Price: $1,195, Case Size: 41mm Case Height: 12.05mm, Lug to Lug: 47.1mm, Lug Width: 22mm, Crystal: Sapphire, Water Resistance: 150 meters, Movement: Automatic Sellita SW 330
U.K.-based Christopher Ward added a GMT to its seaworthy Trident collection in 2019. The 41mm steel case hosts a 24-hour GMT bezel that frames a mostly minimalist dial, with rectangular baton hands for the local hour and minute, a seconds hand with the telltale trident-shaped counterweight, a subtle 3 o’clock date window, and the signature element, a fourth center-mounted hand with a colorful triangle tip that indicates a second time zone. The C65 GMT still has the robustness of a dive watch — its case is water-resistant to 150 meters — and is powered by an automatic Swiss-made caliber, the Sellita SW 330, which beats at 28,800 vph behind a solid caseback stamped with a trident motif.

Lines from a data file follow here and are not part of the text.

lemma unif_exp_changes_sq:
  assumes "2 \<le> n1 + n2"
  shows "unif_exp (arrangements n1 n2) (\<lambda>xs. (changes xs)^2)
       = 2 * real n1 * real n2 / real (n1 + n2)
         + 2 * (real (n1 + n2) - 2) * (real n1 * real n2 / (real (n1 + n2) * (real (n1 + n2) - 1)))
         + 4 * real n1 * (real n1 - 1) * real n2 * (real n2 - 1) / (real (n1 + n2) * (real (n1 + n2) - 1))"
proof -
  define N where "N = real (n1 + n2)"
  define m where "m = n1 + n2 - 2"
  define p where "p i j = unif_exp (arrangements n1 n2) (\<lambda>xs. of_bool (xs ! i \<noteq> xs ! Suc i \<and> xs ! j \<noteq> xs ! Suc j))" for i j
  have m: "n1 + n2 - 1 = Suc m" "real m = N - 2" using assms by (simp_all add: m_def N_def)
  have "unif_exp (arrangements n1 n2) (\<lambda>xs. (changes xs)^2)
      = unif_exp (arrangements n1 n2) (\<lambda>xs. \<Sum>i\<le>m. \<Sum>j\<le>m. of_bool (xs ! i \<noteq> xs ! Suc i \<and> xs ! j \<noteq> xs ! Suc j))"
    unfolding power2_eq_square of_bool_conj
    by (rule unif_exp_cong) (simp only: changes_arrangements m(1) lessThan_Suc_atMost sum_product)
  also have "\<dots> = (\<Sum>i\<le>m. \<Sum>j\<le>m. p i j)"
    by (simp only: unif_exp_sum p_def)
  also have "\<dots> = real (Suc m) * (2 * real n1 * real n2 / (N * (N - 1)))
      + 2 * real m * (real n1 * real n2 / (N * (N - 1)))
      + real m * (real m - 1) * (4 * real n1 * (real n1 - 1) * real n2 * (real n2 - 1) / (N * (N - 1) * (N - 2) * (N - 3)))"
  proof (rule sum_square_band)
    fix i assume "i \<le> m"
    then show "p i i = 2 * real n1 * real n2 / (N * (N - 1))"
      unfolding p_def N_def conj_absorb using m(1) by (intro unif_exp_neq) auto
  next
    fix i assume "i < m"
    then show "p i (Suc i) = real n1 * real n2 / (N * (N - 1))"
      unfolding p_def N_def using m(1) by (intro unif_exp_alternating) auto
    from \<open>i < m\<close> show "p (Suc i) i = real n1 * real n2 / (N * (N - 1))"
      unfolding p_def N_def conj_commute[of "_ ! Suc i \<noteq> _"] using m(1) by (intro unif_exp_alternating) auto
  next
    fix i j assume "i \<le> m" "j \<le> m" "Suc i < j \<or> Suc j < i"
    then show "p i j = 4 * real n1 * (real n1 - 1) * real n2 * (real n2 - 1) / (N * (N - 1) * (N - 2) * (N - 3))"
      unfolding p_def N_def using m(1) by (intro unif_exp_neq_disjoint_pairs) auto
  qed
  also have "\<dots> = 2 * real n1 * real n2 / N + 2 * (N - 2) * (real n1 * real n2 / (N * (N - 1)))
         + 4 * real n1 * (real n1 - 1) * real n2 * (real n2 - 1) / (N * (N - 1))"
  proof -
    have N: "N \<noteq> 0" "N - 1 \<noteq> 0" using assms by (auto simp: N_def)
    have "real (Suc m) * (2 * real n1 * real n2 / (N * (N - 1))) = 2 * real n1 * real n2 / N"
      using N m(2) by simp
    moreover have "real m * (real m - 1) * (4 * real n1 * (real n1 - 1) * real n2 * (real n2 - 1) / (N * (N - 1) * (N - 2) * (N - 3)))
        = 4 * real n1 * (real n1 - 1) * real n2 * (real n2 - 1) / (N * (N - 1))"
    proof (cases "4 \<le> n1 + n2")
      case True
      then have "N - 2 \<noteq> 0" "N - 3 \<noteq> 0" by (auto simp: N_def)
      then have "(N - 2) * (N - 2 - 1) * (X / (N * (N - 1) * (N - 2) * (N - 3))) = X / (N * (N - 1))" for X
        using N by (simp add: divide_simps)
      then show ?thesis unfolding m(2) .
    next
      case False
      then have "n1 \<le> 1 \<or> n2 \<le> 1" "m \<le> 1" using assms by (auto simp: m_def)
      then have "4 * real n1 * (real n1 - 1) * real n2 * (real n2 - 1) = 0" "real m * (real m - 1) = 0"
        by (auto simp: le_Suc_eq)
      then show ?thesis by (simp only:)
    qed
    ultimately show ?thesis unfolding m(2) by (simp only:)
  qed
  finally show ?thesis unfolding N_def .
qed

Price: $6,200, Case Size: 44mm, Thickness: 14.7mm, Lug to Lug: 50.8mm, Lug Width: 21mm, Crystal: Sapphire, Water Resistance: 200 meters, Movement: Spring Drive Caliber 9R66
The green dial of this GMT-equipped watch introduced in 2023 by Grand Seiko takes its eye-catching texture from the summertime vegetation on the peaks of Mount Hotaka in Japan’s Nagano prefecture, which loom over the skyline of the city of Shinshu and are visible through the windows of Grand Seiko’s watchmaking studio there. The stainless steel case is 44mm in diameter, with a 24-hour bicolor GMT bezel whose durable ring is made of sapphire and underpinned by a generous coating of Grand Seiko’s proprietary LumiBrite luminous material. The dial has large indexes and hands, also LumiBrite-coated, and a 24-hour chapter ring on the flange that can be used to track a third time zone, The movement inside is Caliber 9R66, a descendant of the original Caliber 9R65 from the first generation of Grand Seiko Spring Drive timepieces, with a three-day power reserve and an added hour hand that can be adjusted to the local time without stopping the movement.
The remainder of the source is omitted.